BOP gereği, Arap Baharı rüzgârları, Mart 2011’den itibaren Suriye’nin sınırlarından içeri girmiştir. Olayların patlak vermesinden sonraki ilk dönemde, Batılı merkezler, Şam’daki rejime açıkça eleştirel bir tavır alırken, Sayın Erdoğan,, Beşar Esad ile temsilciler göndererek, olaylar büyümeden değişim yönünde adımlar atmasını istemişti.
BM Güvenlik Konseyi'nin, düzenlediği acil toplantının ardından, Fransa, Almanya, İngiltere, Belçika ve Polonya yaptıkları ortak açıklamada, "Türkiye'nin tek taraflı düzenlediği askeri operasyona son vermesi çağrısında bulunuyoruz; bu operasyonun Türkiye'nin güvenlik endişelerine yanıt vereceğini düşünmüyoruz" önerisini yaptılar ama bu ülkelerin, ortak açıklama için Güvenlik Konseyi'nin, bütün üyelerinden destek görmedi.

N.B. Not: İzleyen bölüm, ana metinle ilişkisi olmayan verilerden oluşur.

lemma parity_class_step:
  assumes "m \<ge> 2"
  shows "parity_class m = insert m (parity_class (m-2))" "m \<notin> parity_class (m-2)"
proof -
  show "parity_class m = insert m (parity_class (m-2))"
  proof (intro set_eqI iffI)
    fix k assume "k \<in> parity_class m"
    then have "k \<le> m" "even (m - k)" by (auto simp: parity_class_def)
    then show "k \<in> insert m (parity_class (m-2))" using assms unfolding parity_class_def by (auto; presburger)
  next
    fix k assume "k \<in> insert m (parity_class (m-2))"
    then show "k \<in> parity_class m" using assms unfolding parity_class_def by (auto; presburger)
  qed
  show "m \<notin> parity_class (m-2)" using assms by (auto simp: parity_class_def)
qed

lemma parity_class_le: "k \<in> parity_class m \<Longrightarrow> k \<le> m"
  by (simp add: parity_class_def)

lemma parity_class_split:
  assumes n: "n \<ge> 1"
  shows "{..n} = parity_class n \<union> parity_class (n-1)" "parity_class n \<inter> parity_class (n-1) = {}"
proof -
  show "{..n} = parity_class n \<union> parity_class (n-1)"
    using n unfolding parity_class_def by (auto; presburger)
  show "parity_class n \<inter> parity_class (n-1) = {}"
    using n unfolding parity_class_def by (auto; presburger)
qed

lemma parity_class_parity: "k \<in> parity_class m \<Longrightarrow> even k = even m"
  unfolding parity_class_def by auto

definition dmat_col :: "real \<Rightarrow> nat \<Rightarrow> real" where
  "dmat_col lam m = (\<Sum>k\<in>parity_class m. dmat_sq lam k m)"

definition dmat_frob :: "real \<Rightarrow> nat \<Rightarrow> real" where
  "dmat_frob lam m = (\<Sum>k\<in>parity_class m. \<Sum>j\<in>parity_class m. dmat_sq lam k j)"

definition dmat_trace :: "real \<Rightarrow> nat \<Rightarrow> real" where
  "dmat_trace lam m = (\<Sum>k\<in>parity_class m. dmat_diag lam k)"

lemma dmat_col_rec:
  assumes lam: "lam > -1/2" and m: "m \<ge> 2"
  shows "dmat_col lam m = (dmat_diag lam m)\<^sup>2 + dmat_sq_factor lam m * dmat_col lam (m-2)"
proof -
  have "dmat_col lam m = dmat_sq lam m m + (\<Sum>k\<in>parity_class (m-2). dmat_sq lam k m)"
    unfolding dmat_col_def parity_class_step(1)[OF m] using parity_class_step(2)[OF m] by simp
  also have "(\<Sum>k\<in>parity_class (m-2). dmat_sq lam k m) = (\<Sum>k\<in>parity_class (m-2). dmat_sq_factor lam m * dmat_sq lam k (m-2))"
  proof (intro sum.cong refl)
    fix k assume "k \<in> parity_class (m-2)"
    then have "k < m" using parity_class_le[of k "m-2"] m by simp
    then show "dmat_sq lam k m = dmat_sq_factor lam m * dmat_sq lam k (m-2)" by (rule dmat_sq_rec[OF lam m])
  qed
  finally show ?thesis by (simp add: dmat_sq_diag dmat_col_def sum_distrib_left)
qed

lemma dmat_frob_rec:
  assumes lam: "lam > -1/2" and m: "m \<ge> 2"
  shows "dmat_frob lam m = dmat_frob lam (m-2) + 2 * dmat_col lam m - (dmat_diag lam m)\<^sup>2"
proof -
  let ?C = "parity_class (m-2)"
  have nin: "m \<notin> ?C" by (rule parity_class_step(2)[OF m])
  have r: "dmat_col lam m = dmat_sq lam m m + (\<Sum>k\<in>?C. dmat_sq lam k m)"
    unfolding dmat_col_def parity_class_step(1)[OF m] using nin by simp
  have "dmat_frob lam m = (\<Sum>j\<in>insert m ?C. dmat_sq lam m j) + (\<Sum>k\<in>?C. \<Sum>j\<in>insert m ?C. dmat_sq lam k j)"
    unfolding dmat_frob_def parity_class_step(1)[OF m] using nin by simp
  also have "(\<Sum>j\<in>insert m ?C. dmat_sq lam m j) = dmat_sq lam m m + (\<Sum>k\<in>?C. dmat_sq lam k m)"
    using nin by (simp add: dmat_sq_sym)
  also have "(\<Sum>k\<in>?C. \<Sum>j\<in>insert m ?C. dmat_sq lam k j) = (\<Sum>k\<in>?C. dmat_sq lam k m) + dmat_frob lam (m-2)"
    using nin by (simp add: sum.distrib dmat_frob_def)
  finally show ?thesis using r by (simp add: dmat_sq_diag)
qed

lemma dmat_trace_rec:
  assumes m: "m \<ge> 2"
  shows "dmat_trace lam m = dmat_trace lam (m-2) + dmat_diag lam m"
  unfolding dmat_trace_def parity_class_step(1)[OF m] using parity_class_step(2)[OF m] by simp

section \<open>Closed forms\<close>

text \<open>The rational functions below solve the recurrences for \<open>dmat_diag\<close>, \<open>dmat_col\<close>,
  \<open>dmat_frob\<close> and \<open>dmat_trace\<close> (found by computer algebra); only their recurrence steps and
  initial values are checked.\<close>

definition diag_formula :: "real \<Rightarrow> real \<Rightarrow> real" where
  "diag_formula x l = 2*x*(x+l)*(x+2*l)/(2*l+1)"

definition frob_denom :: "real \<Rightarrow> real" where
  "frob_denom l = (2*l+1)^2*(2*l+3)*(2*l+5)"

definition diag_sq_num :: "real \<Rightarrow> real \<Rightarrow> real" where
  "diag_sq_num x l = 4*x^2*(x+l)^2*(x+2*l)^2*(2*l+3)*(2*l+5)"

definition col_num :: "real \<Rightarrow> real \<Rightarrow> real" where
  "col_num x l = - 32*x*l^2 - 96*x*l^3 - 64*x*l^4 - 48*x^2*l - 144*x^2*l^2 + 64*x^2*l^3 + 368*x^2*l^4 + 256*x^2*l^5 + 64*x^2*l^6 - 16*x^3 - 48*x^3*l + 288*x^3*l^2 + 856*x^3*l^3 + 688*x^3*l^4 + 192*x^3*l^5 + 200*x^4*l + 700*x^4*l^2 + 696*x^4*l^3 + 224*x^4*l^4 + 40*x^5 + 242*x^5*l + 332*x^5*l^2 + 128*x^5*l^3 + 30*x^6 + 74*x^6*l + 36*x^6*l^2 + 6*x^7 + 4*x^7*l"

definition frob_num :: "real \<Rightarrow> real \<Rightarrow> real" where
  "frob_num x l = - 224/3*x*l - 752/3*x*l^2 - 608/3*x*l^3 + 112/3*x*l^4 + 256/3*x*l^5 + 64/3*x*l^6 - 112/3*x^2 - 472/3*x^2*l - 176/3*x^2*l^2 + 1216/3*x^2*l^3 + 520*x^2*l^4 + 224*x^2*l^5 + 32*x^2*l^6 - 16*x^3 + 272/3*x^3*l + 1736/3*x^3*l^2 + 2672/3*x^3*l^3 + 1640/3*x^3*l^4 + 416/3*x^3*l^5 + 32/3*x^3*l^6 + 104/3*x^4 + 818/3*x^4*l + 1846/3*x^4*l^2 + 1612/3*x^4*l^3 + 196*x^4*l^4 + 24*x^4*l^5 + 40*x^5 + 186*x^5*l + 258*x^5*l^2 + 136*x^5*l^3 + 24*x^5*l^4 + 62/3*x^6 + 185/3*x^6*l + 154/3*x^6*l^2 + 40/3*x^6*l^3 + 6*x^7 + 10*x^7*l + 4*x^7*l^2 + 3/4*x^8 + 1/2*x^8*l"

definition trace_num :: "real \<Rightarrow> real \<Rightarrow> real" where
  "trace_num x l = 2*x*l + 2*x*l^2 + 1*x^2 + 3*x^2*l + 1*x^2*l^2 + 1*x^3 + 1*x^3*l + 1/4*x^4"

lemma diag_formula_sq: "l > -1/2 \<Longrightarrow> (diag_formula x l)\<^sup>2 * frob_denom l = diag_sq_num x l"
  by (simp add: diag_formula_def frob_denom_def diag_sq_num_def divide_simps power2_eq_square)

lemma frob_denom_pos: "l > -1/2 \<Longrightarrow> frob_denom l > 0"
  by (simp add: frob_denom_def)

lemma col_num_0: "col_num 0 l = 0" by (simp add: col_num_def)

lemma frob_num_0: "frob_num 0 l = 0" by (simp add: frob_num_def)

lemma trace_num_0: "trace_num 0 l = 0" by (simp add: trace_num_def)

lemma col_num_1: "col_num 1 l = 4*(1+l)^2 * frob_denom l" by (simp add: col_num_def frob_denom_def; algebra)

lemma col_num_2: "col_num 2 l = diag_sq_num 2 l" unfolding col_num_def diag_sq_num_def by algebra

lemma frob_num_1: "frob_num 1 l - frob_num (-1) l = 4*(1+l)^2 * frob_denom l" by (simp add: frob_num_def frob_denom_def; algebra)

lemma frob_num_step: "frob_num x l - frob_num (x-2) l = 2 * col_num x l - diag_sq_num x l" unfolding frob_num_def col_num_def diag_sq_num_def by algebra

lemma trace_num_step: "trace_num x l - trace_num (x-2) l = 2*x*(x+l)*(x+2*l)" unfolding trace_num_def by algebra

lemma trace_num_factor: "trace_num x l = x*(x+2)*(x+2*l)*(x+2*l+2)/4"
  unfolding trace_num_def by (simp add: field_simps; algebra)

lemma diag_formula_step:
  fixes x l :: real
  assumes "x - 2 + l \<noteq> 0" "x - 1 + l \<noteq> 0" "x + l \<noteq> 0" "x - 2 + 2*l \<noteq> 0" "x - 1 + 2*l \<noteq> 0" "2*l+1 \<noteq> 0"
  shows "diag_formula x l = 4*x*(x-1+l)*(x+l)/(x-1+2*l) + x*(x-1)*(x+l)/((x-2+l)*(x-2+2*l)*(x-1+2*l)) * diag_formula (x-2) l"
  unfolding diag_formula_def using assms by (simp add: divide_simps) algebra

lemma col_num_step:
  fixes x l :: real
  assumes "x - 2 + l \<noteq> 0" "x - 2 + 2*l \<noteq> 0" "x - 1 + 2*l \<noteq> 0" "frob_denom l \<noteq> 0"
  shows "col_num x l / frob_denom l = diag_sq_num x l / frob_denom l + x*(x-1)*(x+l)/((x-2+l)*(x-2+2*l)*(x-1+2*l)) * (col_num (x-2) l / frob_denom l)"
proof -
  have "col_num x l * ((x-2+l)*(x-2+2*l)*(x-1+2*l)) = diag_sq_num x l * ((x-2+l)*(x-2+2*l)*(x-1+2*l)) + x*(x-1)*(x+l) * col_num (x-2) l"
    unfolding col_num_def diag_sq_num_def by algebra
  then show ?thesis using assms by (simp add: divide_simps)
qed

lemma dmat_diag_0: "dmat_diag lam 0 = 0" by (simp add: dmat_diag_def)

lemma diag_formula_1:
  assumes "l > -1/2" shows "diag_formula 1 l = 2*(1+l)"
proof -
  have "2*l+1 \<noteq> 0" using assms by simp
  then show ?thesis by (simp add: diag_formula_def divide_simps algebra_simps)
qed

lemma dmat_diag_closed:
  assumes lam: "lam > -1/2"
  shows "dmat_diag lam m = diag_formula (real m) lam"
proof (induction m rule: less_induct)
  case (less m)
  have l2: "2*lam+1 \<noteq> 0" using lam by simp
  consider "m = 0" | "m = 1" | "m = 2" | "m \<ge> 3" by linarith
  then show ?case
  proof cases
    case 1 then show ?thesis by (simp add: dmat_diag_0 diag_formula_def)
  next
    case 2
    have "dmat_diag lam 1 = gegen_norm2 lam 0 / gegen_norm2 lam 1" by (simp add: dmat_diag_def dgram_Suc0)
    also have "\<dots> = 1 / gegen_norm2_ratio lam 0" using gegen_norm2_Suc[OF lam, of 0] gegen_norm2_pos[OF lam, of 0] by simp
    also have "\<dots> = 2 * (1 + lam)" using gegen_norm2_ratio_0[OF lam] lam by simp
    finally show ?thesis using 2 diag_formula_1[OF lam] by simp
  next
    case 3
    have "dmat_diag lam 2 = 4 / gegen_norm2_ratio lam 1" using dmat_diag_rec[OF lam, of 2] by (simp add: dmat_diag_0)
    also have "gegen_norm2_ratio lam 1 = 2 * (1 + 2*lam) / (4*(1+lam)*(2+lam))"
      using gegen_norm2_ratio_formula[OF lam, of 1] by (simp add: add_ac)
    finally have "dmat_diag lam 2 = 4 / (2 * (1 + 2*lam) / (4*(1+lam)*(2+lam)))" .
    moreover have "4 / (2 * (1 + 2*lam) / (4*(1+lam)*(2+lam))) = diag_formula 2 lam"
    proof -
      have "1 + lam \<noteq> 0" "2 + lam \<noteq> 0" "1 + 2*lam \<noteq> 0" "2*lam + 1 \<noteq> 0" using lam by auto
      then show ?thesis by (simp add: diag_formula_def divide_simps; simp add: algebra_simps)
    qed
    ultimately show ?thesis using 3 by simp
  next
    case 4
    have IH: "dmat_diag lam (m-2) = diag_formula (real m - 2) lam" using less.IH[of "m-2"] 4 by (simp add: of_nat_diff)
    have nz: "real m - 2 + lam \<noteq> 0" "real m - 1 + lam \<noteq> 0" "real m + lam \<noteq> 0"
      "real m - 2 + 2*lam \<noteq> 0" "real m - 1 + 2*lam \<noteq> 0" "2*lam+1 \<noteq> 0" using lam 4 by auto
    have "dmat_diag lam m = (real m)\<^sup>2 / gegen_norm2_ratio lam (m-1) + dmat_sq_factor lam m * dmat_diag lam (m-2)"
      using dmat_diag_rec[OF lam, of m] 4 by simp
    also have "\<dots> = 4 * real m * (real m - 1 + lam) * (real m + lam) / (real m - 1 + 2*lam)
         + real m * (real m - 1) * (real m + lam) / ((real m - 2 + lam) * (real m - 2 + 2*lam) * (real m - 1 + 2*lam)) * diag_formula (real m - 2) lam"
      unfolding IH dmat_sq_factor_formula[OF lam 4] ..
    also have "\<dots> = diag_formula (real m) lam" by (rule diag_formula_step[OF nz, symmetric])
    finally show ?thesis .
  qed
qed

lemma dmat_diag_sq_closed:
  assumes lam: "lam > -1/2"
  shows "(dmat_diag lam m)\<^sup>2 = diag_sq_num (real m) lam / frob_denom lam"
  using dmat_diag_closed[OF lam, of m] diag_formula_sq[OF lam, of "real m"] frob_denom_pos[OF lam]
  by (simp add: eq_divide_eq)

lemma dmat_col_closed:
  assumes lam: "lam > -1/2"
  shows "dmat_col lam m = col_num (real m) lam / frob_denom lam"
proof (induction m rule: less_induct)
  case (less m)
  have D: "frob_denom lam > 0" by (rule frob_denom_pos[OF lam])
  consider "m = 0" | "m = 1" | "m = 2" | "m \<ge> 3" by linarith
  then show ?case
  proof cases
    case 1 then show ?thesis by (simp add: dmat_col_def parity_class_0 dmat_sq_def col_num_0)
  next
    case 2
    have "dmat_col lam 1 = (dmat_diag lam 1)\<^sup>2" by (simp add: dmat_col_def dmat_sq_diag)
    also have "\<dots> = 4*(1+lam)^2" using dmat_diag_closed[OF lam, of 1] diag_formula_1[OF lam] by (simp add: power2_eq_square algebra_simps)
    finally show ?thesis using 2 D by (simp add: col_num_1)
  next
    case 3
    have "dmat_col lam 2 = (dmat_diag lam 2)\<^sup>2" using dmat_col_rec[OF lam, of 2] by (simp add: dmat_col_def parity_class_0 dmat_sq_def)
    also have "\<dots> = diag_sq_num 2 lam / frob_denom lam" using dmat_diag_sq_closed[OF lam, of 2] by simp
    finally show ?thesis using 3 by (simp add: col_num_2)
  next
    case 4
    have IH: "dmat_col lam (m-2) = col_num (real m - 2) lam / frob_denom lam" using less.IH[of "m-2"] 4 by (simp add: of_nat_diff)
    have nz: "real m - 2 + lam \<noteq> 0" "real m - 2 + 2*lam \<noteq> 0" "real m - 1 + 2*lam \<noteq> 0" "frob_denom lam \<noteq> 0"
      using lam 4 D by auto
    have "dmat_col lam m = (dmat_diag lam m)\<^sup>2 + dmat_sq_factor lam m * dmat_col lam (m-2)" using dmat_col_rec[OF lam, of m] 4 by simp
    also have "\<dots> = diag_sq_num (real m) lam / frob_denom lam
         + real m * (real m - 1) * (real m + lam) / ((real m - 2 + lam) * (real m - 2 + 2*lam) * (real m - 1 + 2*lam)) * (col_num (real m - 2) lam / frob_denom lam)"
      unfolding dmat_diag_sq_closed[OF lam] IH dmat_sq_factor_formula[OF lam 4] ..
    also have "\<dots> = col_num (real m) lam / frob_denom lam" by (rule col_num_step[OF nz, symmetric])
    finally show ?thesis .
  qed
qed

öte yandan Beşar Esad, Suriye’nin bağımsızlığı ve toprak bütünlüğünün korunması prensibine bağlı kaldığını dile getirerek, “ulusların çıkarları söz konusu olduğunda, kişisel duygularımızı bir kenara bırakmalıyız," sözlerini, hükümet dikakte almalıdır.
çünkü Türkiye ile ABD’nin, güvenli bölge konusunda ortak bir çıkarı yoktur, çünkü hedefleri farklıdır. ABD, güvenli bölgeyle, tıpkı Irak’ta olduğu gibi, Suriye’nin kuzeyinde bir Kürt Koridoru, daha doğrusu bir Amerikan Koridoru kurmaya çalışıyor.
Bazı AKP yetkililerinin, “zalim ve katil” ve “halkına zulmeden biriyle anlaşmayız” diyerek, Esad karşıtlığını sürdürmesinin, akılcı bir yanı olmadığı gibi, suriye’yi, böler ülkemizi de bugün olduğu gibi, özelikle de gelecete, ciddi sorunlarla karşı karşıya bırakır.
Güvenli koridoru ve savaş, Suriye ile ilgli sorunları, çözmediği gibi, daha da derinleştirmekten başka bir işe yaramaz. Suriye ‘ deki sorun, gerçekçi politikalarla çözülebilir. O nedenle de hükümet, aracı olmadan, Şam ile görüşmeleri yürüterek, bir barış köprüsü kurmalı, Suriye’nin, toprak bütünlüğü sağlanmalı, ülkemizdeki tüm Suriyelilerin de vatanlarına geri dönüşleri sağlanmalıdır.